● **Required action**
From the records below, output exactly the lines running from the line containing "(card H)) *" through the line containing "(cscale :: complex", and no others.

(Stored data entries)
============================================================

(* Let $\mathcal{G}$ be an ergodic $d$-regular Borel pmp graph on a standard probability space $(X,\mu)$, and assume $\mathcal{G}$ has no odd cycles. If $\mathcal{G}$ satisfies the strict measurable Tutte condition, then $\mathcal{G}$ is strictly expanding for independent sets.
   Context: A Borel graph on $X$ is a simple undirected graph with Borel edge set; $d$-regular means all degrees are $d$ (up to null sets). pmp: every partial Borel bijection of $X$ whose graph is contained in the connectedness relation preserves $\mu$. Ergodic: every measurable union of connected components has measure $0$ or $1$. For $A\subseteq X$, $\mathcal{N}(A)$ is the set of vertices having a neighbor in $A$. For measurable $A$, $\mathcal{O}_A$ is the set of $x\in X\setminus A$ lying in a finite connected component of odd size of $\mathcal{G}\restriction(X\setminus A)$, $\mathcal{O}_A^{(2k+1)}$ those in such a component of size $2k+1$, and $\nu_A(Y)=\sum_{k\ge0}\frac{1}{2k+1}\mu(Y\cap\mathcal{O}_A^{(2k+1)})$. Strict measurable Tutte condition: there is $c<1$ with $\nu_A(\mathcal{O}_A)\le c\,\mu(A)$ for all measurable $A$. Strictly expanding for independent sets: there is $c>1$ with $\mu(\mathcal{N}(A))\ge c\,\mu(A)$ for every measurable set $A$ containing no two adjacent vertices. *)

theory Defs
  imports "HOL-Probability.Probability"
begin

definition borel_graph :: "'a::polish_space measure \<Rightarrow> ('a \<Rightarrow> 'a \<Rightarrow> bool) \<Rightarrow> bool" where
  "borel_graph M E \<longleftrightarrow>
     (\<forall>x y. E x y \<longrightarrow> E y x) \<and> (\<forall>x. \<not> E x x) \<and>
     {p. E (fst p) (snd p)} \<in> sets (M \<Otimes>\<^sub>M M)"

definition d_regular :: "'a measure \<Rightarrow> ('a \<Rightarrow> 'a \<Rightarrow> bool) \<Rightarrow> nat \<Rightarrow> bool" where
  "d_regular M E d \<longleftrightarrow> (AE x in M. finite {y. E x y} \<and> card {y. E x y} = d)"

============================================================

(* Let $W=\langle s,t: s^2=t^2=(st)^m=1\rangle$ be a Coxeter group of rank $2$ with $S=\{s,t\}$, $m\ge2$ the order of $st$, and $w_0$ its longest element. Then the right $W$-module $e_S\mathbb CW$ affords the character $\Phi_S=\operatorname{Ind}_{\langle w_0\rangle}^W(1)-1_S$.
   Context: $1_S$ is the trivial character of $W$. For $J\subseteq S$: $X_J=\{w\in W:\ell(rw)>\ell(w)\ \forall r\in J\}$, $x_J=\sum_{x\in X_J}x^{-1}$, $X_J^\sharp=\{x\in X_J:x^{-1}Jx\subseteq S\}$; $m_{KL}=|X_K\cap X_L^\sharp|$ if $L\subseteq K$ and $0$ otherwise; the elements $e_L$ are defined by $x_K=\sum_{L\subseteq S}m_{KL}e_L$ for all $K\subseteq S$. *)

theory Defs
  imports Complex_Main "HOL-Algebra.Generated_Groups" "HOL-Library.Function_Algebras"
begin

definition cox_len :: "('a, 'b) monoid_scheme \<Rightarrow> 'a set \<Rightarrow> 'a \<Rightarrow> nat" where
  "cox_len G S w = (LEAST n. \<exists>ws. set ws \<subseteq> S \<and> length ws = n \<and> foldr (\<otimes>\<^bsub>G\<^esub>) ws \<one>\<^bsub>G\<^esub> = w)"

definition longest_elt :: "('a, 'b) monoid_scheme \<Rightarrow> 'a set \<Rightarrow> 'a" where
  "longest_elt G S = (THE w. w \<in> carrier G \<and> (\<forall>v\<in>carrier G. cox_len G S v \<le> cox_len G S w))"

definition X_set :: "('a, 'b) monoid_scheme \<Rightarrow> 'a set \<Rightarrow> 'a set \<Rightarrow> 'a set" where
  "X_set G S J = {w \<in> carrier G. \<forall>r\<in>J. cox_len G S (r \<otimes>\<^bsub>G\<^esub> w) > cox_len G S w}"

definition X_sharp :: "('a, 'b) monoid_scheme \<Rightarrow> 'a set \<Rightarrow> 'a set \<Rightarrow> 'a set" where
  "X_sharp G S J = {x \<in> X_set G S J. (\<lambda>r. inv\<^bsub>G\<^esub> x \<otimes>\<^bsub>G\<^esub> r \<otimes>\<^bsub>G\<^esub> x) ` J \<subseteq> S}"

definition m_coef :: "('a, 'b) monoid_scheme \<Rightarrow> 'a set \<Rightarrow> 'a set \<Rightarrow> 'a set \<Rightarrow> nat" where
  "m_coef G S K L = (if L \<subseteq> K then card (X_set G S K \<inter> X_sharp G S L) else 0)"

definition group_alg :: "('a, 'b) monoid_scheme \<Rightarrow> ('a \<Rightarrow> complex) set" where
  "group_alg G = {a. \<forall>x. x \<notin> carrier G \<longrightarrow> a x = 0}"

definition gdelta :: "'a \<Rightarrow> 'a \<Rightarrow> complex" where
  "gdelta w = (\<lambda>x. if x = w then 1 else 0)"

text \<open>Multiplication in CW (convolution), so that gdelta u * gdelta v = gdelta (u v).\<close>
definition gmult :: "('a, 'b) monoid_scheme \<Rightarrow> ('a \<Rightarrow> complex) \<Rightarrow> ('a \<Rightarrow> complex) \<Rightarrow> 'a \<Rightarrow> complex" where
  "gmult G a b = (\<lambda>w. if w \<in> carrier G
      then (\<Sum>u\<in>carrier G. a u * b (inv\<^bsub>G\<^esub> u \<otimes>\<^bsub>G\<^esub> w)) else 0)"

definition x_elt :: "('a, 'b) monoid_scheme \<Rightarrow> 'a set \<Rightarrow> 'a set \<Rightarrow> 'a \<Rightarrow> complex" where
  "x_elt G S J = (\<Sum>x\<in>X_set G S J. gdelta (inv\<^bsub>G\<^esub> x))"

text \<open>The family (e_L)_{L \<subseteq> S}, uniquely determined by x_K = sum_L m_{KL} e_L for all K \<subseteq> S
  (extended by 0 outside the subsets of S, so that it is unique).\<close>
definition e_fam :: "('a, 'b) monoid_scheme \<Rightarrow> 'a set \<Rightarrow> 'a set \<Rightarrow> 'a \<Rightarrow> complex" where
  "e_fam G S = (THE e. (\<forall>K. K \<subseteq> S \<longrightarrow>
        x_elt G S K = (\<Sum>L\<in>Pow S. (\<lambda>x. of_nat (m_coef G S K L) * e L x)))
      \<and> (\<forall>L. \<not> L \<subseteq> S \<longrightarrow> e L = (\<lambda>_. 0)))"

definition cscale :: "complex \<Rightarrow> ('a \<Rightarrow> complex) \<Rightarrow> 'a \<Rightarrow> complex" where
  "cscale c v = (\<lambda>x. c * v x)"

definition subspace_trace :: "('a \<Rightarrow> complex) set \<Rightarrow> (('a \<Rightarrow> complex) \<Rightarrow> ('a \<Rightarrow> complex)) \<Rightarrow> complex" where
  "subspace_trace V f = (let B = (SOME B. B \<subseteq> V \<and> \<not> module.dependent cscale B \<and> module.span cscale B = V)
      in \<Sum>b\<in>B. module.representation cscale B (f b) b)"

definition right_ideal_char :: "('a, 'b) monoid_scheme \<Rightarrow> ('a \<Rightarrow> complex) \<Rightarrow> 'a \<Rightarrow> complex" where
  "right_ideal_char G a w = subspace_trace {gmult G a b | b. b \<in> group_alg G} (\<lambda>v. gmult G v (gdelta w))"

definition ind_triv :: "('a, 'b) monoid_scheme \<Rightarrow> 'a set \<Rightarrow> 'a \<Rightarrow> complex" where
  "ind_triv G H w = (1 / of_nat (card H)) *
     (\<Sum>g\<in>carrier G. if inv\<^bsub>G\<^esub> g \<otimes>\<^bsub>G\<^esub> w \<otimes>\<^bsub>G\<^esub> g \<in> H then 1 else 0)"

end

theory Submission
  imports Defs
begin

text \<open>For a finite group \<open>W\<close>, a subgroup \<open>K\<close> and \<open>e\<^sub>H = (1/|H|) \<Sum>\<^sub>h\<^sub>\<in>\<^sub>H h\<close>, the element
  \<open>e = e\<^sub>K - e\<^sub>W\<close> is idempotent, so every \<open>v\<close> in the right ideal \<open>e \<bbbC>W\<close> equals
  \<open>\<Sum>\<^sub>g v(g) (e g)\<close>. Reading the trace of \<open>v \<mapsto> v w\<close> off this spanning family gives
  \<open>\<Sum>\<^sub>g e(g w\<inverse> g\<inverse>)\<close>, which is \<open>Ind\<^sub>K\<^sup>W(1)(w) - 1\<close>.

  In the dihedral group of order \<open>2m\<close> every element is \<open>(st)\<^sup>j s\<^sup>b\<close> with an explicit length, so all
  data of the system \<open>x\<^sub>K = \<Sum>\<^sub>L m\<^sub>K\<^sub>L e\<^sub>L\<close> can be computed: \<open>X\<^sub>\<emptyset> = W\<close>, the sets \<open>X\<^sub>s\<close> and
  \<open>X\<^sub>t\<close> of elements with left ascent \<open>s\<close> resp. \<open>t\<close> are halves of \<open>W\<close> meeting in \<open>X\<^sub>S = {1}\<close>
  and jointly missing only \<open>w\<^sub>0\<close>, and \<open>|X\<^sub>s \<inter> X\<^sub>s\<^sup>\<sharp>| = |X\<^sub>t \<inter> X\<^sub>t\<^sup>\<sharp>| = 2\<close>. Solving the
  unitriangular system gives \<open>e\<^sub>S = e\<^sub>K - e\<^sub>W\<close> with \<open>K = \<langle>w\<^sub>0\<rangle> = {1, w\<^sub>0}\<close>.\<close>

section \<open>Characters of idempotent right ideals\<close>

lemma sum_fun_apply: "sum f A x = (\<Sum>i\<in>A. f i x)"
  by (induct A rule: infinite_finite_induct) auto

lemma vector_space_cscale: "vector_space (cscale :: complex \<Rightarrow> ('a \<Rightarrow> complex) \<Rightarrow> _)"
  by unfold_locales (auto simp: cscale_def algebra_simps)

============================================================

● **Output**
  "ind_triv G H w = (1 / of_nat (card H)) *
     (\<Sum>g\<in>carrier G. if inv\<^bsub>G\<^esub> g \<otimes>\<^bsub>G\<^esub> w \<otimes>\<^bsub>G\<^esub> g \<in> H then 1 else 0)"

end

theory Submission
  imports Defs
begin

text \<open>For a finite group \<open>W\<close>, a subgroup \<open>K\<close> and \<open>e\<^sub>H = (1/|H|) \<Sum>\<^sub>h\<^sub>\<in>\<^sub>H h\<close>, the element
  \<open>e = e\<^sub>K - e\<^sub>W\<close> is idempotent, so every \<open>v\<close> in the right ideal \<open>e \<bbbC>W\<close> equals
  \<open>\<Sum>\<^sub>g v(g) (e g)\<close>. Reading the trace of \<open>v \<mapsto> v w\<close> off this spanning family gives
  \<open>\<Sum>\<^sub>g e(g w\<inverse> g\<inverse>)\<close>, which is \<open>Ind\<^sub>K\<^sup>W(1)(w) - 1\<close>.

  In the dihedral group of order \<open>2m\<close> every element is \<open>(st)\<^sup>j s\<^sup>b\<close> with an explicit length, so all
  data of the system \<open>x\<^sub>K = \<Sum>\<^sub>L m\<^sub>K\<^sub>L e\<^sub>L\<close> can be computed: \<open>X\<^sub>\<emptyset> = W\<close>, the sets \<open>X\<^sub>s\<close> and
  \<open>X\<^sub>t\<close> of elements with left ascent \<open>s\<close> resp. \<open>t\<close> are halves of \<open>W\<close> meeting in \<open>X\<^sub>S = {1}\<close>
  and jointly missing only \<open>w\<^sub>0\<close>, and \<open>|X\<^sub>s \<inter> X\<^sub>s\<^sup>\<sharp>| = |X\<^sub>t \<inter> X\<^sub>t\<^sup>\<sharp>| = 2\<close>. Solving the
  unitriangular system gives \<open>e\<^sub>S = e\<^sub>K - e\<^sub>W\<close> with \<open>K = \<langle>w\<^sub>0\<rangle> = {1, w\<^sub>0}\<close>.\<close>

section \<open>Characters of idempotent right ideals\<close>

lemma sum_fun_apply: "sum f A x = (\<Sum>i\<in>A. f i x)"
  by (induct A rule: infinite_finite_induct) auto

lemma vector_space_cscale: "vector_space (cscale :: complex \<Rightarrow> ('a \<Rightarrow> complex) \<Rightarrow> _)"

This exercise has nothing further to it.